The construction financing market has come a long way since the depths of the Great Recession, but not far enough for many market-rate developers.

Lenders continue to target only the surest bets—backing only the most well-heeled developers—and balk at almost everything else, still shell-shocked from a downturn that ravaged their balance sheets. But for all those developers struggling to attract construction capital, listen up: Sometimes serving a public purpose—even in just 20 percent of your building—can kick-start a long-delayed development.

Consider Portrero Launch, a 196-unit mixed-use development in downtown San Francisco being built by Martin Building Co. In early 2009, the developer submitted an application to the Federal Housing Administration (FHA) for a $50 million construction loan. But a year and a half later, the FHA suddenly stopped processing the application. Martin was developing another project with FHA funds—a loan that took 20 months to close—and the agency wanted to see how that project performed before approving another deal with the firm.

Frustrated, and unable to find conventional debt from banks, the developer went back to the drawing board. Though the plan all along was to build a luxury Class A deal, Martin instead applied for tax-exempt bond financing—which came with low-income housing tax credits (LIHTCs)—and easily won an allocation.

“Within 60 days, I had a loan approval from Citibank, which felt miraculous,” says Patrick McNerney, founder and president of the San Francisco–based firm. “And the reason they moved so swiftly was because it was now a tax-credit project, and the bank wanted Community Reinvestment Act [CRA] credits.”

The use of tax-exempt bonds requires the developer to set aside 20 percent of the units for those earning up to 50 percent of the area median income (AMI), while the other 80 percent remains market-rate (aka, an “80/20” deal). And while McNerney believes in the social value of mixed-income development, it wasn’t as though he was on a social mission.

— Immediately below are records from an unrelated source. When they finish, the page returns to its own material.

lemma no_forbidden_induced:
  assumes "(n, EH) \<in> set forbidden_graphs"
  shows "\<not> has_induced {0..<n} EH V E"
proof (rule not_has_induced_if_search_fails[OF follows_basket_template])
  show "part_of ` V \<subseteq> set basket_parts"
    using part_of_in_parts(1) by blast
  show "\<not> labelling_search (part_adj istar jstar) PA (PB istar) basket_parts EH (adjacency_rows EH n) []"
    using basket_template_excludes_forbidden_graphs[OF istar_range jstar_range] assms by blast
qed

definition rep :: "part \<Rightarrow> 'a" where
  "rep p = (if p = PA then as ! 0 else SOME v. v \<in> part_set p)"

lemma rep_in_part:
  assumes "p \<in> set core_parts"
  shows "rep p \<in> part_set p"
proof (cases "p = PA")
  case True
  have "as \<noteq> []"
    using as_set A_nonempty by auto
  then have "as ! 0 \<in> A"
    using as_set by (metis length_greater_0_conv nth_mem)
  then show ?thesis
    using True by (simp add: rep_def part_set_def)
next
  case False
  then have "part_set p \<noteq> {}"
    using assms BC_cliques by (auto simp: core_parts_def part_set_def)
  then show ?thesis
    using False unfolding rep_def by (simp add: some_in_eq)
qed

lemma rep_in_V: "p \<in> set core_parts \<Longrightarrow> rep p \<in> V"
  using rep_in_part parts_cover by (auto simp: basket_parts_def)

lemma part_of_rep: "p \<in> set core_parts \<Longrightarrow> part_of (rep p) = p"
  using rep_in_part part_of_eqI by (simp add: basket_parts_def)

lemma adj_rep:
  assumes "v \<in> V" and "q \<in> set core_parts" and "q \<noteq> part_of v"
    and "part_rep_adj istar jstar (part_of v) q = Some b"
  shows "E v (rep q) = b"
proof (cases "part_of v = PB istar \<and> q = PA")
  case True
  then have "v \<in> B istar"
    using part_of_in_parts(2)[OF \<open>v \<in> V\<close>] by (simp add: part_set_def)
  then have "E (rep PA) v"
    using as_first unfolding nbhd_def by (auto simp: rep_def)
  then show ?thesis
    using True assms(4) E_sym by (simp add: part_rep_adj_def)
next
  case False
  then have "part_adj istar jstar (part_of v) q = Some b"
    using assms(4) by (auto simp: part_rep_adj_def)
  then have "part_adj istar jstar (part_of v) (part_of (rep q)) = Some b"
    using part_of_rep[OF assms(2)] by simp
  moreover have "v \<noteq> rep q"
    using assms(2,3) part_of_rep by auto
  ultimately show ?thesis
    using adj_by_part assms(1,2) rep_in_V by blast
qed

lemma rep_eq_iff: "p \<in> set core_parts \<Longrightarrow> q \<in> set core_parts \<Longrightarrow> rep p = rep q \<longleftrightarrow> p = q"
  using part_of_rep by metis

lemma adj_reps:
  assumes "p \<in> set core_parts" and "q \<in> set core_parts" and "p \<noteq> q"
    and "part_rep_adj istar jstar p q = Some b"
  shows "E (rep p) (rep q) = b"
  using adj_rep[of "rep p" q b] assms rep_in_V part_of_rep by simp

lemma has_induced_pent3: "has_induced pent3_V pent3_E V E"
  unfolding has_induced_def
proof (intro exI conjI)
  let ?f = "\<lambda>x. rep (core_parts ! x)"
  have "length core_parts = 7"
    by (simp add: core_parts_def)
  then have core: "core_parts ! x \<in> set core_parts" if "x \<in> pent3_V" for x
    using that by (simp add: pent3_V_def)
  have parts_inj: "core_parts ! x = core_parts ! y \<longleftrightarrow> x = y" if "x \<in> pent3_V" "y \<in> pent3_V" for x y
    using that by (simp add: pent3_V_def core_parts_def nth_eq_iff_index_eq)
  show "inj_on ?f pent3_V"
  proof (rule inj_onI)
    fix x y assume "x \<in> pent3_V" "y \<in> pent3_V" "?f x = ?f y"
    then have "core_parts ! x = core_parts ! y"
      using core rep_eq_iff by blast
    with parts_inj show "x = y"
      using \<open>x \<in> pent3_V\<close> \<open>y \<in> pent3_V\<close> by blast
  qed
  show "?f ` pent3_V \<subseteq> V"
    using core rep_in_V by blast
  show "\<forall>x\<in>pent3_V. \<forall>y\<in>pent3_V. E (?f x) (?f y) \<longleftrightarrow> pent3_E x y"
  proof (intro ballI)
    fix x y assume "x \<in> pent3_V" "y \<in> pent3_V"
    show "E (?f x) (?f y) \<longleftrightarrow> pent3_E x y"
    proof (cases "x = y")
      case True
      moreover have "\<not> pent3_E y y"
        by (auto simp: pent3_E_def sym_edges_def)
      ultimately show ?thesis
        using E_irrefl by simp
    next
      case False
      let ?p = "core_parts ! x" and ?q = "core_parts ! y"
      have "?p \<noteq> ?q"
        using parts_inj False \<open>x \<in> pent3_V\<close> \<open>y \<in> pent3_V\<close> by blast
      consider "part_rep_adj istar jstar ?p ?q = Some (pent3_E x y)"
        | "part_rep_adj istar jstar ?q ?p = Some (pent3_E x y)"
        using pent3_pattern[OF istar_range jstar_range] \<open>x \<in> pent3_V\<close> \<open>y \<in> pent3_V\<close> False by blast
      then show ?thesis
        using adj_reps core \<open>x \<in> pent3_V\<close> \<open>y \<in> pent3_V\<close> \<open>?p \<noteq> ?q\<close> E_sym by cases metis+
    qed
  qed
qed

lemma nonneighbour_rep_exists:
  assumes "v \<in> V"
  obtains q where "q \<in> set core_parts" "rep q \<noteq> v" "\<not> E v (rep q)"
    and "q = PA \<or> (rep q \<noteq> rep PA \<and> \<not> E (rep q) (rep PA))"
proof -
  obtain q where q: "q \<in> set core_parts" "q \<noteq> part_of v"
    "part_rep_adj istar jstar (part_of v) q = Some False"
    "q = PA \<or> part_rep_adj istar jstar q PA = Some False"
    using nonneighbour_pattern[OF istar_range jstar_range] part_of_in_parts(1)[OF assms] by blast
  have PA: "PA \<in> set core_parts"
    by (simp add: core_parts_def)
  have "rep q \<noteq> v"
    using q(1,2) part_of_rep by auto
  moreover have "\<not> E v (rep q)"
    using adj_rep[OF assms q(1-3)] by simp
  moreover have "q = PA \<or> (rep q \<noteq> rep PA \<and> \<not> E (rep q) (rep PA))"
    using q(4) adj_reps[OF q(1) PA] rep_eq_iff[OF q(1) PA] by auto
  ultimately show ?thesis
    using that q(1) by blast
qed

lemma anticonnected_basket: "anticonnected V E"
  unfolding anticonnected_def
proof (rule connected_graph_if_reaches_root)
  let ?S = "{(a, b). a \<in> V \<and> b \<in> V \<and> complement V E a b}"
  show "complement V E y x" if "complement V E x y" for x y
    using that E_sym unfolding complement_def by blast
  have PA: "PA \<in> set core_parts"
    by (simp add: core_parts_def)
  then show "rep PA \<in> V"
    by (rule rep_in_V)
  show "(v, rep PA) \<in> ?S\<^sup>*" if v: "v \<in> V" for v
  proof -
    obtain q where q: "q \<in> set core_parts" "rep q \<noteq> v" "\<not> E v (rep q)"
      "q = PA \<or> (rep q \<noteq> rep PA \<and> \<not> E (rep q) (rep PA))"
      using nonneighbour_rep_exists[OF v] by blast
    then have "(v, rep q) \<in> ?S"
      using v rep_in_V unfolding complement_def by auto
    moreover have "(rep q, rep PA) \<in> ?S\<^sup>*"
      using q PA rep_in_V unfolding complement_def by auto
    ultimately show ?thesis
      by (rule converse_rtrancl_into_rtrancl)
  qed
qed

lemma not_universal: "v \<in> V \<Longrightarrow> \<not> universal V E v"
  using nonneighbour_rep_exists rep_in_V unfolding universal_def by metis

lemma not_simplicial:
  assumes "v \<in> V"
  shows "\<not> simplicial V E v"
proof -
  obtain q q' where q: "q \<in> set core_parts" "q' \<in> set core_parts" "q \<noteq> part_of v" "q' \<noteq> part_of v"
    "part_rep_adj istar jstar (part_of v) q = Some True" "part_rep_adj istar jstar (part_of v) q' = Some True"
    "part_rep_adj istar jstar q q' = Some False"
    using nonadjacent_neighbours_pattern[OF istar_range jstar_range] part_of_in_parts(1)[OF assms] by blast
  then have "q \<noteq> q'"
    by (cases q') (auto simp: part_rep_adj_def)
  then have "rep q \<noteq> rep q'" and "\<not> E (rep q) (rep q')"
    using rep_eq_iff adj_reps q by auto
  moreover have "E v (rep q)" and "E v (rep q')"
    using adj_rep assms q by auto
  ultimately show ?thesis
    unfolding simplicial_def by blast
qed

end

theorem proposition5p2:
  fixes V :: "'a set" and E :: "'a \<Rightarrow> 'a \<Rightarrow> bool"
  assumes "graph V E" and "five_basket V E"
  shows "\<not> has_induced twoP3_V twoP3_E V E
       \<and> \<not> has_induced (cycle_V 4) (cycle_E 4) V E
       \<and> \<not> has_induced (cycle_V 6) (cycle_E 6) V E
       \<and> \<not> has_induced (cycle_V 7) (cycle_E 7) V E
       \<and> \<not> has_induced T0_V T0_E V E
       \<and> has_induced pent3_V pent3_E V E
       \<and> anticonnected V E
       \<and> (\<forall>v\<in>V. \<not> simplicial V E v \<and> \<not> universal V E v)"
proof -
  obtain A B C F istar jstar as where "five_basket_structure V E A B C F istar jstar as"
    using five_basket_structure_exists[OF assms] by blast
  then interpret five_basket_structure V E A B C F istar jstar as .
  have "\<not> has_induced {0..<n} EH V E" if "(n, EH) \<in> set forbidden_graphs" for n EH
    using that by (rule no_forbidden_induced)
  then show ?thesis
    unfolding twoP3_V_def cycle_V_def T0_V_def
    using has_induced_pent3 anticonnected_basket not_simplicial not_universal
    by (simp add: forbidden_graphs_def)
qed

end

“I’d love to say it was altruism,” he says, “but I was just really struggling to attract financing."

One Santa Fe
Meanwhile, downstate, in Southern California, that same struggle inspired market-rate developer Bill McGregor to pursue a similar strategy on his own long-delayed project.

In January, the McGregor Cos. broke ground on the $160 million One Santa Fe, a 438-unit mixed-use development in the arts district of downtown Los Angeles. The project was conceived seven years ago, but the recession derailed that vision and prodded the developer to use tax-exempt bonds for the first time in the company’s 25-year history.

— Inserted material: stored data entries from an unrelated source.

(* Let $g:\mathbb Z\times\mathbb Z\to[0,\infty)$ be bounded by a polynomial in $|y|$ and $|z|$. Then for every $\theta\in(\underline\theta,\bar\theta)$, $$\mathbf E^\theta\big[(p(\omega_0,\omega_1)+q(\omega_0,\omega_1))\,g(\omega_0,\omega_1)\big]<\infty,$$ where $\omega_0,\omega_1$ are independent with law $\mu^\theta$.
   Context: Fix extended integers $-\infty\le\omega^{\min}\le0$, $1\le\omega^{\max}\le\infty$, $I=\{z\in\mathbb Z:\omega^{\min}-1<z<\omega^{\max}+1\}$. Rates $p,q:I\times I\to[0,\infty)$ satisfy: (R1) $p(\omega^{\min},\cdot)\equiv p(\cdot,\omega^{\max})\equiv q(\omega^{\max},\cdot)\equiv q(\cdot,\omega^{\min})\equiv0$ whenever the corresponding boundary is finite; either $p,q$ are both strictly positive in all other cases, or one is identically $0$. (R2) $p(z+1,y)\ge p(z,y)$, $p(y,z+1)\le p(y,z)$, $q(z+1,y)\le q(z,y)$, $q(y,z+1)\ge q(y,z)$ whenever $y,z,z+1\in I$. (R3) For all $x,y,z\in I$: $p(x,y)+p(y,z)+p(z,x)+q(x,y)+q(y,z)+q(z,x)=p(x,z)+p(z,y)+p(y,x)+q(x,z)+q(z,y)+q(y,x)$. (R4) There are symmetric functions $s_p,s_q$ on $I\times I$ and $f:I\to[0,\infty)$ with $f(\omega^{\min})=0$ if finite and $f(z)>0$ for $z>\omega^{\min}$, such that $p(y,z)=s_p(y,z+1)f(y)$, $q(y,z)=s_q(y+1,z)f(z)$ ($s_p,s_q$ read as $0$ if an argument exceeds $\omega^{\max}$). Set $f(0)!=1$, $f(z)!=\prod_{y=1}^zf(y)$ ($z>0$), $f(z)!=1/\prod_{y=z+1}^0f(y)$ ($z<0$); $\bar\theta=\lim_{z\to\infty}\log f(z)$ if $\omega^{\max}=\infty$, else $\infty$; $\underline\theta=\lim_{z\to\infty}\log f(-z)$ if $\omega^{\min}=-\infty$, else $-\infty$; assume $\underline\theta<\bar\theta$. For $\theta\in(\underline\theta,\bar\theta)$, $\mu^\theta(z)=e^{\theta z}/(Z(\theta)f(z)!)$ with $Z(\theta)=\sum_{z\in I}e^{\theta z}/f(z)!<\infty$; $\mathbf E^\theta$ is expectation under the product of $\mu^\theta$. *)

theory Defs
  imports "HOL-Analysis.Analysis"
begin

text \<open>The state space I = {z : omega_min - 1 < z < omega_max + 1}, with omega_min, omega_max
  extended integers represented as extended reals.\<close>
definition Iset :: "ereal \<Rightarrow> ereal \<Rightarrow> int set" where
  "Iset wmin wmax = {z::int. wmin - 1 < ereal (real_of_int z) \<and> ereal (real_of_int z) < wmax + 1}"

definition ffact :: "(int \<Rightarrow> real) \<Rightarrow> int \<Rightarrow> real" where
  "ffact f z = (if z \<ge> 0 then (\<Prod>y\<in>{1..z}. f y) else 1 / (\<Prod>y\<in>{z+1..0}. f y))"

definition Zpart :: "ereal \<Rightarrow> ereal \<Rightarrow> (int \<Rightarrow> real) \<Rightarrow> real \<Rightarrow> real" where
  "Zpart wmin wmax f \<theta> = (\<Sum>\<^sub>\<infinity>z\<in>Iset wmin wmax. exp (\<theta> * real_of_int z) / ffact f z)"

definition mu :: "ereal \<Rightarrow> ereal \<Rightarrow> (int \<Rightarrow> real) \<Rightarrow> real \<Rightarrow> int \<Rightarrow> real" where
  "mu wmin wmax f \<theta> z = exp (\<theta> * real_of_int z) / (Zpart wmin wmax f \<theta> * ffact f z)"

end

theory Submission
  imports Defs
begin

text \<open>
  Let W(z) = exp(theta z) / f(z)! be the one-site weight without its normalisation, so that
  W(z) f(z) = exp(theta) W(z - 1). Because ln f(z) tends to a limit beyond theta as z -> +oo and
  below theta as z -> -oo, the weight decays geometrically at both ends: W(y) <= K exp(-a |y|).
  The rates may grow, but only through the factor f: by (R4) and the symmetry of s_p,
  p(y, z) f(z + 1) = f(y) p(z + 1, y - 1), and together with the monotonicity (R2) this moves the
  growth of p(y, z) onto a neighbouring weight, giving W(y) W(z) p(y, z) <= c W(y') W(z') with
  |y' - y|, |z' - z| <= 1; the same holds for q with its arguments swapped. The summand is therefore
  dominated by a constant times exp(-a |y|) exp(-a |z|) times a polynomial, which is summable.
\<close>

lemma power_one_plus_le_exp:
  fixes b :: real
  assumes "b > 0"
  shows "\<exists>M. \<forall>t\<ge>0. (1 + t) ^ k \<le> M * exp (b * t)"
proof -
  define c where "c = min 1 (b / (real k + 1))"
  have c: "c > 0" "c \<le> 1" "real k * c \<le> b"
    using assms by (auto simp: c_def min_def field_simps)
  show ?thesis
  proof (intro exI allI impI)
    fix t :: real
    assume t: "t \<ge> 0"
    have "1 + t \<le> (1 + c * t) / c" using c t by (simp add: field_simps)
    also have "\<dots> \<le> exp (c * t) / c" using c by (intro divide_right_mono) auto
    finally have "(1 + t) ^ k \<le> (exp (c * t) / c) ^ k" using t by (intro power_mono) auto
    also have "\<dots> = (1 / c) ^ k * exp (real k * c * t)"
      by (simp add: power_divide exp_of_nat_mult[symmetric] mult.assoc)
    also have "\<dots> \<le> (1 / c) ^ k * exp (b * t)"
      using c t by (intro mult_left_mono) (auto intro: mult_right_mono)
    finally show "(1 + t) ^ k \<le> (1 / c) ^ k * exp (b * t)" .
  qed
qed

lemma mult_exp_neg_le:
  fixes K K' a b t :: real
  assumes "0 \<le> K" "K \<le> K'" "a \<le> b" "0 \<le> t"
  shows "K * exp (- b * t) \<le> K' * exp (- a * t)"
  using assms by (intro mult_mono) (auto simp: mult_right_mono)

lemma summable_on_exp_abs_int:
  fixes b :: real
  assumes "b > 0"
  shows "(\<lambda>y::int. exp (- b * \<bar>real_of_int y\<bar>)) summable_on UNIV"
proof -
  have "summable (\<lambda>n::nat. exp (- b) ^ n)"
    using assms by (intro summable_geometric) auto
  then have "summable (\<lambda>n::nat. exp (- (b * real n)))"
    by (simp add: exp_of_nat_mult[symmetric] mult.commute)
  then have nat: "(\<lambda>n::nat. exp (- (b * real n))) summable_on UNIV"
    by (simp add: summable_on_UNIV_nonneg_real_iff)
  have "(\<lambda>y::int. exp (- b * \<bar>real_of_int y\<bar>)) summable_on (range int \<union> range (\<lambda>n. - int n))"
    by (intro summable_on_union; subst summable_on_reindex) (simp_all add: o_def nat inj_on_def)
  moreover have "UNIV = range int \<union> range (\<lambda>n. - int n)"
  proof (rule UNIV_eq_I)
    fix y :: int
    show "y \<in> range int \<union> range (\<lambda>n. - int n)"
      by (cases y rule: int_cases2) auto
  qed
  ultimately show ?thesis by simp
qed

lemma exp_neg_abs_shift_le:
  assumes "0 \<le> a" and "\<bar>y' - y\<bar> \<le> 1"
  shows "exp (- a * \<bar>real_of_int y'\<bar>) \<le> exp a * exp (- a * \<bar>real_of_int y\<bar>)"
proof -
  have "\<bar>real_of_int y\<bar> \<le> \<bar>real_of_int y'\<bar> + 1" using assms(2) by linarith
  then have "a * \<bar>real_of_int y\<bar> \<le> a * (\<bar>real_of_int y'\<bar> + 1)"
    using assms(1) by (rule mult_left_mono)
  then have "- a * \<bar>real_of_int y'\<bar> \<le> a + - a * \<bar>real_of_int y\<bar>"
    by (simp add: algebra_simps)
  then show ?thesis by (simp flip: exp_add)
qed

lemma summable_on_exp_abs_product:
  fixes b :: real
  assumes "b > 0"
  shows "(\<lambda>(y, z). exp (- b * \<bar>real_of_int y\<bar>) * exp (- b * \<bar>real_of_int z\<bar>)) summable_on UNIV \<times> UNIV"
proof (rule summable_on_SigmaI)
  let ?E = "\<lambda>y::int. exp (- b * \<bar>real_of_int y\<bar>)"
  have E: "?E summable_on UNIV" using summable_on_exp_abs_int[OF assms] .
  show "((\<lambda>z. case (y, z) of (y, z) \<Rightarrow> ?E y * ?E z) has_sum ?E y * infsum ?E UNIV) UNIV" for y
    using has_sum_cmult_right[OF has_sum_infsum[OF E]] by simp
  show "(\<lambda>y. ?E y * infsum ?E UNIV) summable_on UNIV" using summable_on_cmult_left[OF E] .
qed simp

lemma exp_abs_times_power_le:
  fixes a :: real
  assumes "a > 0"
  shows "\<exists>M. \<forall>y::int. exp (- a * \<bar>real_of_int y\<bar>) * (1 + \<bar>real_of_int y\<bar>) ^ k
    \<le> M * exp (- (a / 2) * \<bar>real_of_int y\<bar>)"
proof -
  obtain M where M: "\<And>t. t \<ge> 0 \<Longrightarrow> (1 + t) ^ k \<le> M * exp (a / 2 * t)"
    using power_one_plus_le_exp[of "a / 2" k] assms by auto
  have "exp (- a * \<bar>real_of_int y\<bar>) * (1 + \<bar>real_of_int y\<bar>) ^ k
      \<le> exp (- a * \<bar>real_of_int y\<bar>) * (M * exp (a / 2 * \<bar>real_of_int y\<bar>))" for y :: int
    by (intro mult_left_mono M) auto
  also have "\<dots> y = M * exp (- (a / 2) * \<bar>real_of_int y\<bar>)" for y :: int
    by (simp add: mult_ac flip: exp_add)
  finally show ?thesis by blast
qed

lemma summable_on_exp_decay_times_poly:
  fixes h g :: "int \<Rightarrow> int \<Rightarrow> real"
  assumes "a > 0"
    and h: "\<And>y z. y \<in> A \<Longrightarrow> z \<in> B \<Longrightarrow>
      0 \<le> h y z \<and> h y z \<le> C * (exp (- a * \<bar>real_of_int y\<bar>) * exp (- a * \<bar>real_of_int z\<bar>))"
    and g_nonneg: "\<And>y z. 0 \<le> g y z"
    and g_poly: "\<And>y z. g y z \<le> Cg * (1 + \<bar>real_of_int y\<bar> + \<bar>real_of_int z\<bar>) ^ k"
  shows "(\<lambda>(y, z). h y z * g y z) summable_on A \<times> B"
proof -
  define E where "E b y = exp (- b * \<bar>real_of_int y\<bar>)" for b y
  define u where "u y = (1 + \<bar>real_of_int y\<bar>) ^ k" for y :: int
  obtain M where M: "\<And>y. E a y * u y \<le> M * E (a / 2) y"
    using exp_abs_times_power_le[OF \<open>a > 0\<close>, of k] by (auto simp: E_def u_def)
  have Eu_nonneg: "0 \<le> E a y * u y" for y
    by (simp add: E_def u_def)
  have bound: "h y z * g y z \<le> (C * Cg * M * M) * (E (a / 2) y * E (a / 2) z)"
    if "y \<in> A" "z \<in> B" for y z
  proof -
    have hb: "0 \<le> h y z" "h y z \<le> C * (E a y * E a z)" using h[OF that] by (auto simp: E_def)
    have "0 < E a y * E a z" by (simp add: E_def)
    with order_trans[OF hb] have "0 \<le> C" by (simp add: zero_le_mult_iff)
    have "0 < (1 + \<bar>real_of_int y\<bar> + \<bar>real_of_int z\<bar>) ^ k" by simp
    with order_trans[OF g_nonneg g_poly, of y z] have "0 \<le> Cg" by (simp add: zero_le_mult_iff)
    have "1 + \<bar>real_of_int y\<bar> + \<bar>real_of_int z\<bar> \<le> (1 + \<bar>real_of_int y\<bar>) * (1 + \<bar>real_of_int z\<bar>)"
      by (simp add: algebra_simps)
    then have "(1 + \<bar>real_of_int y\<bar> + \<bar>real_of_int z\<bar>) ^ k \<le> u y * u z"
      unfolding u_def power_mult_distrib[symmetric] by (intro power_mono) auto
    with \<open>0 \<le> Cg\<close> have gb: "g y z \<le> Cg * (u y * u z)"
      using g_poly[of y z] by (meson mult_left_mono order_trans)
    have "h y z * g y z \<le> (C * (E a y * E a z)) * (Cg * (u y * u z))"
      using hb gb g_nonneg[of y z] by (intro mult_mono) auto
    also have "\<dots> = (C * Cg) * ((E a y * u y) * (E a z * u z))" by (simp add: mult_ac)
    also have "\<dots> \<le> (C * Cg) * ((M * E (a / 2) y) * (M * E (a / 2) z))"
      using \<open>0 \<le> C\<close> \<open>0 \<le> Cg\<close>
      by (intro mult_left_mono mult_mono[OF M M order_trans[OF Eu_nonneg M] Eu_nonneg]) auto
    finally show ?thesis by (simp add: mult_ac)
  qed
  show ?thesis
  proof (rule summable_on_comparison_test)
    show "(\<lambda>x. (C * Cg * M * M) * (case x of (y, z) \<Rightarrow> E (a / 2) y * E (a / 2) z))
        summable_on A \<times> B"
      using summable_on_exp_abs_product[of "a / 2"] \<open>a > 0\<close> unfolding E_def
      by (intro summable_on_subset[OF summable_on_cmult_right]) auto
  qed (use bound h g_nonneg in auto)
qed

“Securing a construction loan was proving to be somewhere between extremely difficult and impossible,” says McGregor. “As we got further downstream, it became clear that the best financing package we could put together would have affordability inherent in it.”

The developer received funds through the New Issue Bond Program, and the bonds were credit-enhanced through an $86.2 million FHA-backed loan. McGregor also received LIHTCs, which provided roughly $8 million in equity when they were purchased by Goldman Sachs Urban Investment Group. 

“It’s more complicated than the average deal, by far,” says McGregor. “But this project would not be where it is today were it not for the opportunity to put together an 80/20 deal.”

Gap Financing
McNerney’s $80.4 million Portrero Launch is set to open in September—but when it does, the affordable units will serve even lower-income tenants than the 80/20 program requires. The developer applied for a $1.4 million Infill and Infrastructure Grant through California’s Proposition 1C program, and that money only goes to affordable housing deals—the more deeply affordable, the more likely they are to win a grant.

“I volunteered to set units at 30 percent AMI so that there was a higher likelihood of getting the award,” says McNerney. “I pieced together every source possible that I could, in order to make this project move forward.”

McGregor’s One Santa Fe also found some gap financing by virtue of its affordability. The developer scored a $4 million loan from the Los Angeles Housing Department, though the financing was conditional. The loan required two-thirds of the affordable units to be targeted at those earning up to 40 percent AMI.

“That $4 million was one more piece of a complex puzzle, and the fact is, each one of those pieces in the capital stack was critical,” says McGregor. “If you pulled any of the pieces out, then the whole thing doesn’t work.”